RDF Process Profile

3. Introduction

Metadata is usually defined as being data about data. What is proposed here is to apply exactly the same techniques to describe processes, moving away from data-centricity towards a more general resource-centricity. RDF Process Profile is an attempt to standardize the description of data processors, and allow their processes to be represented in the same fashion as any other (web) resource. RPP is intended as a lightweight layer based on RDF(S) which will allow simple description of a process, on top of which more sophisticated layers can be built. The processes may be available online, though RPP is intended to be appropriate for both online and offline resources. To achieve the maximum applicability of process description wherever possible the processes will be identified through reference to their algorithm(s), though in practice it is anticipated that for most processes the algorithms themselves will not be available, rather an implementation of the algorithm. The goal is to provide in a RPP document descriptions of all the resources required to carry out the data processing defined in that document.

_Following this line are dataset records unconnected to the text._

(* For every $\delta>0$ there exists $\varepsilon'>0$ such that the following holds for every $\varepsilon\in(0,\varepsilon')$ and every sufficiently large $n$. Let $s'$ be a positive integer, let $H_1,H_2$ be vertex-disjoint multigraphs, each on $n$ vertices, in each of which every pair of vertices is joined by exactly $s'$ parallel edges, let $H=(V(H_1)\cup V(H_2),E(H_1)\cup E(H_2))$, and let $b\leq (1-\delta)\frac{s'n}{\log(n)}$. Then the strategy $\mathcal{S}^+$ is a winning strategy for Maker in the game $\mathrm{MinDeg}^+\!\left(H,\frac{\varepsilon s'n}{b},b,\varepsilon\right)$.
   Context: $\log$ is the natural logarithm. For a multigraph $G$, real $d>0$, integer $b\geq 1$ and $\alpha\in(0,1)$, the game $\mathrm{MinDeg}^+(G,d,b,\alpha)$ is a $(1:b)$ Maker-Breaker game on the edges of $G$ in which Breaker moves first: in each round Breaker claims $b$ unclaimed edges and Maker claims one edge. Whenever Maker claims an edge she immediately gives it a direction; Maker is allowed to claim the same edge twice in two different rounds, so as to give it both directions. Let $d_M^+(v)$ denote Maker's outdegree at $v$, $d_B(v)$ the number of Breaker's edges at $v$, and $d_G(v)$ the degree of $v$ in $G$. Maker wins if for every vertex $v\in V(G)$ she reaches $d_M^+(v)=d$ before $d_B(v)\geq(1-\alpha)d_G(v)$ first happens. A vertex $v$ is called active as long as $d_M^+(v)<d$, and its danger is $\mathrm{dang}(v)=d_B(v)-2b\cdot d_M^+(v)$. Strategy $\mathcal{S}^+$: in every round Maker picks an active vertex $v$ of largest danger, claims an arbitrary edge at $v$ that is not claimed by Breaker and is not already an outgoing Maker edge at $v$, and directs it to be outgoing at $v$. *)

theory Defs
  imports Complex_Main
begin

text \<open>A multigraph is given by a vertex set V, a finite set E of edge identifiers
and a map ends assigning to each edge its (two-element) set of endpoints.
Maker's claims are stored as directed pairs (e, v), meaning that Maker has
claimed edge e and directed it to be outgoing at v.\<close>

definition deg_in :: "('e \<Rightarrow> 'v set) \<Rightarrow> 'e set \<Rightarrow> 'v \<Rightarrow> nat" where
  "deg_in ends F v = card {e \<in> F. v \<in> ends e}"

RPP definitions may be defined in terms of other RPP definitions, allowing multistage/multilayered process definition. Terms defined in other schema may be included to extend the functionality of a RPP document into other domains. The use of a standard metadata format (RDF/XML) should enable advertising and lookup/discovery of the processes described in RPP documents. It is hoped that the RPP format will provide a suitable base layer on top of which other facilities required by online services, for example process leasing, chain of trust and security management can be built.

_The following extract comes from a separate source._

(* Let $E$ and $E'$ be disjunctive interval multiplicity expressions (DIMEs) over a finite alphabet $\Sigma$. Then $L(E)=L(E')$ if and only if $\Delta_E=\Delta_{E'}$.
   Context: Unordered words are functions $w:\Sigma\to\mathbb{N}_0$; $a\in w$ means $w(a)\neq 0$; $\varepsilon$ is the all-zero word; unordered concatenation $\uplus$ is multiset union, extended to languages pointwise. An interval is $[n,m]$ or $[n,m]^?$ with $n\in\mathbb{N}_0$, $m\in\mathbb{N}_0\cup\{\infty\}$; $L(E^{[n,m]})=\{w_1\uplus\dots\uplus w_i\mid n\le i\le m, w_j\in L(E)\}$, $L(E^{[n,m]^?})=L(E^{[n,m]})\cup\{\varepsilon\}$; the multiplicities $*,+,?,1$ denote $[0,\infty],[1,\infty],[0,1],[1,1]$. Also $L(a)=\{a\}$, $L(E_1\mid E_2)=L(E_1)\cup L(E_2)$, $L(E_1\mathbin{|\hspace{-0.1em}|} E_2)=L(E_1)\uplus L(E_2)$. An atom is $(a_1^{I_1}\mathbin{|\hspace{-0.1em}|}\dots\mathbin{|\hspace{-0.1em}|} a_k^{I_k})$ with $a_i\in\Sigma$ and each $I_i\in\{?,1\}$. A clause is $(A_1^{I_1}\mid\dots\mid A_k^{I_k})$ with atoms $A_i$ and intervals $I_i$; it is simple if each $I_i\in\{?,1\}$. A DIME is $(D_1^{I_1}\mathbin{|\hspace{-0.1em}|}\dots\mathbin{|\hspace{-0.1em}|} D_k^{I_k})$ where for each $i$ either $D_i$ is a simple clause and $I_i\in\{+,*\}$, or $D_i$ is a clause and $I_i\in\{1,?\}$; moreover each symbol occurs at most once in the DIME. The characterizing tuple of a DIME $E$ is $\Delta_E=(C_E,N_E,P_E,K_E)$ where $C_E=\{(a,b)\in\Sigma\times\Sigma\mid \neg\exists w\in L(E).\ a\in w\wedge b\in w\}$, $N_E=\{(a,w(a))\mid a\in\Sigma, w\in L(E)\}$, $P_E=\{X\subseteq\Sigma\mid\forall w\in L(E).\ \exists a\in X.\ a\in w\}$, $K_E=\{(a,b)\in\Sigma\times\Sigma\mid\forall w\in L(E).\ w(a)\ge w(b)\}$. *)

theory Defs
  imports Main "HOL-Library.Extended_Nat"
begin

Where a language like DAML allows data to be marked up for agent's consumption, RPP will describe the agents themselves so they may be fed the right stuff.

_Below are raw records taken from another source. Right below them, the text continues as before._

(* Let $D$ be a vertex-transitive digraph and let $u\in VD$. Then the subdigraph induced by $\mathrm{desc}(u)$ is a tree if and only if the subdigraph induced by $\mathrm{anc}(u)$ is a tree.
   Context: A digraph is a set with an irreflexive antisymmetric arc relation $\to$. $\mathrm{desc}(u)$ is the set of vertices $v$ for which there is a directed path from $u$ to $v$; $\mathrm{anc}(u)$ is the set of vertices $v$ such that $u\in\mathrm{desc}(v)$. A digraph is called a tree if its underlying undirected graph is a tree. Vertex-transitive: the automorphism group acts transitively on vertices. *)

theory Defs
  imports Main
begin

definition digraph :: "'a set \<Rightarrow> ('a \<times> 'a) set \<Rightarrow> bool" where
  "digraph V A \<longleftrightarrow> A \<subseteq> V \<times> V \<and> irrefl A \<and> antisym A"

definition desc :: "('a \<times> 'a) set \<Rightarrow> 'a \<Rightarrow> 'a set" where
  "desc A u = {v. (u, v) \<in> A\<^sup>*}"

definition anc :: "('a \<times> 'a) set \<Rightarrow> 'a \<Rightarrow> 'a set" where
  "anc A u = {v. u \<in> desc A v}"

definition digraph_aut :: "'a set \<Rightarrow> ('a \<times> 'a) set \<Rightarrow> ('a \<Rightarrow> 'a) \<Rightarrow> bool" where
  "digraph_aut V A f \<longleftrightarrow> bij_betw f V V \<and>
     (\<forall>x\<in>V. \<forall>y\<in>V. (x, y) \<in> A \<longleftrightarrow> (f x, f y) \<in> A)"

definition vertex_transitive :: "'a set \<Rightarrow> ('a \<times> 'a) set \<Rightarrow> bool" where
  "vertex_transitive V A \<longleftrightarrow> (\<forall>x\<in>V. \<forall>y\<in>V. \<exists>f. digraph_aut V A f \<and> f x = y)"

definition induced_arcs :: "('a \<times> 'a) set \<Rightarrow> 'a set \<Rightarrow> ('a \<times> 'a) set" where
  "induced_arcs A S = A \<inter> (S \<times> S)"

definition has_cycle :: "'a set \<Rightarrow> ('a \<times> 'a) set \<Rightarrow> bool" where
  "has_cycle S E \<longleftrightarrow> (\<exists>xs. length xs \<ge> 3 \<and> distinct xs \<and> set xs \<subseteq> S \<and>
      (\<forall>i<length xs. (xs ! i, xs ! ((i + 1) mod length xs)) \<in> E))"

definition ugraph_tree :: "'a set \<Rightarrow> ('a \<times> 'a) set \<Rightarrow> bool" where
  "ugraph_tree S E \<longleftrightarrow> S \<noteq> {} \<and>
     (\<forall>x\<in>S. \<forall>y\<in>S. (x, y) \<in> (E \<inter> (S \<times> S))\<^sup>*) \<and> \<not> has_cycle S E"

definition digraph_tree :: "'a set \<Rightarrow> ('a \<times> 'a) set \<Rightarrow> bool" where
  "digraph_tree S B \<longleftrightarrow> ugraph_tree S (B \<union> B\<inverse>)"

end

theory Submission
  imports Defs "HOL-Library.Transitive_Closure_Table"
begin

It is likely that existing vocabularies contain terms that could be used in place of those described here. It is believed that in terms of interoperability that it will be advantageous to encapsulate process-specific metadata in a single vocabulary, such as RPP. If considered appropriate links to other vocabularies may be added later in the form of properties such as daml:equivalentTo.

An alternate view of RPP would be that of enabling a meta query system. We have some data that needs processing or a requirement for data that is specified in metadata. We supply this to a system containing marshalling facilities and an inference engine, with access to RPP repositories. The inferencing required is little more than matching the conventional metadata with an algorithm described in RPP and then the data and algorithm could be marshalled to an appropriate processing host and the operation carried out. There may be data returned from the query but this need not always be the case - e.g. the state of an external system may be modified.

4. Terminology

4.1 Algorithm
Within this document this word is primarily used in the dictionary sense of a process or set of rules used for calculation or problem-solving, though the range of entities described by the term here extend from very abstract procedures e.g. 'draw a fish' through more canonically expressed forms such as C source code, also encompassing black box data processors.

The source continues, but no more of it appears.